Chi reported on her work to determine whether teachers can be trained to design lessons that reflect the ICAP framework. Her overwhelming finding thus far is that teachers need a great deal of guidance in creating constructive and interactive lessons.
“Everyone wants kids to be more involved in open-ended complex problem solving where there’s not an obvious way to solve the problem,” said Cathy Chase. The challenge, she says, is that “students also need guidance on how to do it without quelling their exploratory instinct.”
Interactive learning was, in fact, a common focus for many of the 26 research projects and posters presented at the conference.
A joint project directed by Jan Plass, NYU’s Paulette Goddard Professor in Digital Media and Learning Sciences, and Associate Professor Bruce Homer, the Director of the CUNY Children’s Interactive and Learning Development Lab, detailed how video games can increase the executive function of students by inhibiting their absorption of irrelevant information.
A TC group led by Black presented three papers and a poster on games to help students learn financial literacy, physics and the coding of computers.

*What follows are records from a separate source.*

text \<open>The explicit enumeration of all axes on \<open>C4\<close> lets \<open>simp\<close> check optimality.\<close>

lemma in_f4_if_minimal:
  assumes "is_profile C4 P" "distinct L" "length L = 4" "set L \<subseteq> C4"
    and "\<forall>xs\<in>set (permutations_of_list_impl [c0, c1, c2, c3]).
      (\<Sum>A\<leftarrow>P. sym_cost cost C4 A (list_axis L)) \<le> (\<Sum>A\<leftarrow>P. sym_cost cost C4 A (list_axis xs))"
  shows "list_axis L \<in> f C4 P"
proof -
  have "list_axis L \<in> optimal_axes C4 (\<lambda>r. \<Sum>A\<leftarrow>P. sym_cost cost C4 A r)"
  proof (rule optimal_axesI)
    show "list_axis L \<in> axes C4"
      using assms(2-4) by (rule list_axis_in_axes4)
    fix r
    assume "r \<in> axes C4"
    then obtain xs where xs: "distinct xs" "set xs = C4" "r = list_axis xs"
      using obtain_list_axis[of C4 r] by auto
    then have "mset xs = mset [c0, c1, c2, c3]"
      using set_eq_iff_mset_eq_distinct[of xs "[c0, c1, c2, c3]"] by simp
    then have "xs \<in> set (permutations_of_list_impl [c0, c1, c2, c3])"
      by (simp add: set_permutations_of_list_impl permutations_of_multiset_def)
    then show "(\<Sum>A\<leftarrow>P. sym_cost cost C4 A (list_axis L)) \<le> (\<Sum>A\<leftarrow>P. sym_cost cost C4 A r)"
      using assms(5) xs(3) by simp
  qed
  then show ?thesis
    using f_eq_optimal_sym_cost[OF _ assms(1)] by simp
qed

lemma clone_insertion_in_f5:
  assumes "is_profile C5 Q" "clones C5 Q c4 c0" "remove_cand c4 Q = B"
    and "list_axis L \<in> f C4 B" "distinct L" "length L = 4" "set L \<subseteq> C4"
  shows "\<exists>i\<in>{0, 1, 2, 3, 4}. list_axis (take i L @ c4 # drop i L) \<in> f C5 Q"
proof -
  have "C5 - {c4} = C4"
    by auto
  then have "\<exists>i\<le>length L. list_axis (take i L @ c4 # drop i L) \<in> f C5 Q"
    using assms set_eq_C4 by (intro clone_insertion_in_f) auto
  moreover have "i \<le> 4 \<longleftrightarrow> i \<in> {0, 1, 2, 3, 4}" for i :: nat
    by auto
  ultimately show ?thesis
    using assms(6) by auto
qed
lemma continuous_on_embed: "continuous_on UNIV embed"
  unfolding continuous_on_def
proof
  fix r0 :: "nat \<Rightarrow> real"
  have "((\<lambda>r. r n) \<longlongrightarrow> r0 n) (at r0 within UNIV)" for n
    using tendsto_ident_at[of r0 UNIV] unfolding tendsto_fun_iff by blast
  then have "((\<lambda>r. r n - r0 n) \<longlongrightarrow> r0 n - r0 n) (at r0 within UNIV)" for n
    by (rule tendsto_diff) simp
  then have "((\<lambda>r. \<lambda>n. r n - r0 n) \<longlongrightarrow> (\<lambda>n. 0)) (at r0 within UNIV)"
    unfolding tendsto_fun_iff by simp
  from tvs_tendsto_add[OF tvs embed_tendsto_0[OF this] tendsto_const[of "embed r0"]]
  show "(embed \<longlongrightarrow> embed r0) (at r0 within UNIV)"
    by (simp add: embed_diff)
qed

lemma continuous_on_inv_embed: "continuous_on (range embed) (inv embed)"
  unfolding continuous_on_def
proof
  fix y0 assume y0: "y0 \<in> range embed"
  define q where "q y = (\<lambda>n. inv embed y n - inv embed y0 n)" for y
  have "((\<lambda>y. y - y0) \<longlongrightarrow> y0 - y0) (at y0 within range embed)"
    by (intro tvs_tendsto_diff[OF tvs] tendsto_ident_at tendsto_const)
  moreover have "eventually (\<lambda>y. y - y0 = embed (q y)) (at y0 within range embed)"
    using y0 by (auto simp: eventually_at_filter q_def embed_diff f_inv_into_f)
  ultimately have "((\<lambda>y. embed (q y)) \<longlongrightarrow> 0) (at y0 within range embed)"
    by (simp add: Lim_transform_eventually)
  then have "((\<lambda>y. q y k + inv embed y0 k) \<longlongrightarrow> 0 + inv embed y0 k) (at y0 within range embed)" for k
    by (intro tendsto_add coefficient_tendsto_0 tendsto_const)
  then show "(inv embed \<longlongrightarrow> inv embed y0) (at y0 within range embed)"
    unfolding tendsto_fun_iff by (simp add: q_def)
qed

theorem contains_RN: "contains_RN TYPE('a)"
  unfolding contains_RN_def
proof (intro exI conjI allI)
  show "subspace (range embed)"
  proof (rule subspaceI)
    show "0 \<in> range embed"
      using embed_scaleR[of 0 "\<lambda>n. 0"] by (metis rangeI scale_zero_left)
    fix x y assume "x \<in> range embed" "y \<in> range embed"
    then obtain f g where "x = embed f" "y = embed g"
      by blast
    then show "x + y \<in> range embed"
      using embed_add[of f g] by (metis rangeI)
  next
    fix c :: real and x assume "x \<in> range embed"
    then obtain f where "x = embed f"
      by blast
    then show "c *\<^sub>R x \<in> range embed"
      using embed_scaleR[of c f] by (metis rangeI)
  qed
  show "homeomorphic_map euclidean (top_of_set (range embed)) embed"
    unfolding homeomorphic_map_maps homeomorphic_maps_def
    using continuous_on_embed continuous_on_inv_embed inj_embed
    by (intro exI[of _ "inv embed"]) (auto simp: continuous_map_in_subtopology f_inv_into_f)
qed (simp_all add: embed_add embed_scaleR)

end

lemma contains_RN_imp_RN_convergent:
  assumes "contains_RN TYPE('a::{real_vector,topological_space})"
  shows "\<exists>a::nat \<Rightarrow> 'a. nontrivial_seq a \<and> RN_convergent a"
proof -
  obtain L and T :: "(nat \<Rightarrow> real) \<Rightarrow> 'a"
    where T_add: "\<And>f g. T (\<lambda>n. f n + g n) = T f + T g"
      and T_scaleR: "\<And>c f. T (\<lambda>n. c * f n) = c *\<^sub>R T f"
      and T: "homeomorphic_map (euclidean :: (nat \<Rightarrow> real) topology) (top_of_set L) T"
    using assms unfolding contains_RN_def by blast
  have "inj T"
    using homeomorphic_imp_injective_map[OF T] by simp
  have "continuous_on UNIV T"
    using homeomorphic_imp_continuous_map[OF T] by (simp add: continuous_map_in_subtopology)
  have T_0: "T (\<lambda>n. 0) = 0"
    using T_scaleR[of 0 "\<lambda>n. 0"] by simp
  define e where "e n = (\<lambda>m::nat. if m = n then 1 else (0::real))" for n
  define a where "a n = T (e n)" for n
  have "a n \<noteq> 0" for n
  proof
    assume "a n = 0"
    then have "T (e n) = T (\<lambda>n. 0)"
      using T_0 by (simp add: a_def)
    then have "e n = (\<lambda>n. 0)"
      using \<open>inj T\<close> by (simp add: inj_eq)
    then show False
      unfolding e_def by (metis zero_neq_one)
  qed
  then have "nontrivial_seq a"
    by (simp add: nontrivial_seq_def)
  moreover have "summable (\<lambda>n. r n *\<^sub>R a n)" for r
  proof -
    define trunc where "trunc N = (\<lambda>m. if m < N then r m else 0)" for N
    have T_trunc: "T (trunc N) = (\<Sum>n<N. r n *\<^sub>R a n)" for N
    proof (induction N)
      case 0
      then show ?case by (simp add: trunc_def T_0)
    next
      case (Suc N)
      have "trunc (Suc N) = (\<lambda>m. trunc N m + r N * e N m)"
        by (auto simp: trunc_def e_def fun_eq_iff less_Suc_eq)
      then show ?case
        using Suc by (simp add: T_add T_scaleR[of "r N" "e N", symmetric] a_def)
    qed
    have "eventually (\<lambda>N. trunc N m = r m) sequentially" for m
      unfolding trunc_def eventually_sequentially by (intro exI[of _ "Suc m"]) simp
    then have "trunc \<longlonglongrightarrow> r"
      unfolding tendsto_fun_iff by (blast intro: tendsto_eventually)
    with \<open>continuous_on UNIV T\<close> have "(\<lambda>N. T (trunc N)) \<longlonglongrightarrow> T r"
      by (simp add: continuous_on_tendsto_compose)
    then show ?thesis
      unfolding summable_def sums_def T_trunc by blast
  qed
  ultimately show ?thesis
    unfolding RN_convergent_def by blast
qed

This is a way for students to get experience, and part of that experience is to explain your research in 13 minutes.”
– John Black
TC doctoral student Laura Malkevitch presented on the topic of student learning from engineering tasks, including maker space activities and robotics clubs. These activities are powerful assets in engaging student interest, but carry the risk of over-emphasizing “building something that works” at the expense of creating a true understanding of underlying scientific principles. Malkevitch has explored the effectiveness of co-tasking students engaged in these projects with a learning goal, such as positing a rule based on a building experience.
Not all the presentations focused on academic learning. Doctoral student Ilya Lashevsky spoke about his research on an online intervention he has created to help people better understand and respond to others’ emotions. And not all involved technology: Doctoral student Daniel Lerman presented on a game called “Yes, but…”, developed by TC Professor of Psychology & Education Deanna Kuhn, which (for now, at least) centers on presenting high school students with a statement written on an ordinary piece of paper. The exercise is intended to develop critical thinking skills by asking students to prove or disprove an assigned premise – e.g., “cigarettes cause cancer” – through the use of deductive reasoning and research.
Launched 11 years ago by Fordham, the Summit now rotates annually among the four participating universities. This was the second time that TC hosted the event.
“I was very impressed by the quality of the student presentations and their ability to connect with a broad audience,” said Chase
“This is a way for students to get experience, and part of that experience is to explain your research in 13 minutes,” said Black. “It also gives us a chance to see what everyone else is up to. Otherwise, we’d all be in our silos.”